─── Supplied records
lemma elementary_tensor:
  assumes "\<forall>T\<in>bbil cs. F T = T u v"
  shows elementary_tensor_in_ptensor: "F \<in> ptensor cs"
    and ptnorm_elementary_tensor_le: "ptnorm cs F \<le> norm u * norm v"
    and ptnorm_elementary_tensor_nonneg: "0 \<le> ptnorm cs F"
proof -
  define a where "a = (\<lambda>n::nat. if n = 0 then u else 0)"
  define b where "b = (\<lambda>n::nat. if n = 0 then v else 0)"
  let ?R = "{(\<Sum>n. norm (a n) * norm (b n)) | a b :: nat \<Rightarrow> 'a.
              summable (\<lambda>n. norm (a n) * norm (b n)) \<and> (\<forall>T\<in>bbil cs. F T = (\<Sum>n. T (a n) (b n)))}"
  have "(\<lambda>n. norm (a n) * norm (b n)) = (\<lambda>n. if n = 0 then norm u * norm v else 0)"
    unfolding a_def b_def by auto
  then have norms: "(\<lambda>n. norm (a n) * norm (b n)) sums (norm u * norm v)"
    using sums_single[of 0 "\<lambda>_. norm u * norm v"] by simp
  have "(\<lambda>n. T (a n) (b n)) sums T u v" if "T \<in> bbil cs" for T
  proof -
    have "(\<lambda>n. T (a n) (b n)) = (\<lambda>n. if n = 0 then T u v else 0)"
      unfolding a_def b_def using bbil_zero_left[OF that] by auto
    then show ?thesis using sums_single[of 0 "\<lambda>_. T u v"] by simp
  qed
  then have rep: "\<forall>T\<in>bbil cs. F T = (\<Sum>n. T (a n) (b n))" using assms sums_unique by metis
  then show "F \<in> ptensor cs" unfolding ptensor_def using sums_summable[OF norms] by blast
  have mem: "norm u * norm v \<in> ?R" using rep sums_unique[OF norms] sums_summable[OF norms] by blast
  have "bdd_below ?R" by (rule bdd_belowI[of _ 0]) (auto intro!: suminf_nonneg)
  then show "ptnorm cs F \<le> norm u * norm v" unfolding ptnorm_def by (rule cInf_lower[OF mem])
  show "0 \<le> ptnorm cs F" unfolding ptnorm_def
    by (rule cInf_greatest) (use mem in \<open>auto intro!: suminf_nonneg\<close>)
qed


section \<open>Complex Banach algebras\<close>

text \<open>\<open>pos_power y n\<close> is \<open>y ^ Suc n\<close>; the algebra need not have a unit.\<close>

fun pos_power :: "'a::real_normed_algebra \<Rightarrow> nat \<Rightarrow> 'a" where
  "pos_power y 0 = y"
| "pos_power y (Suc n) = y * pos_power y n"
──────
Tallying every line that holds the string "forall", report the total for the records and nothing else.

3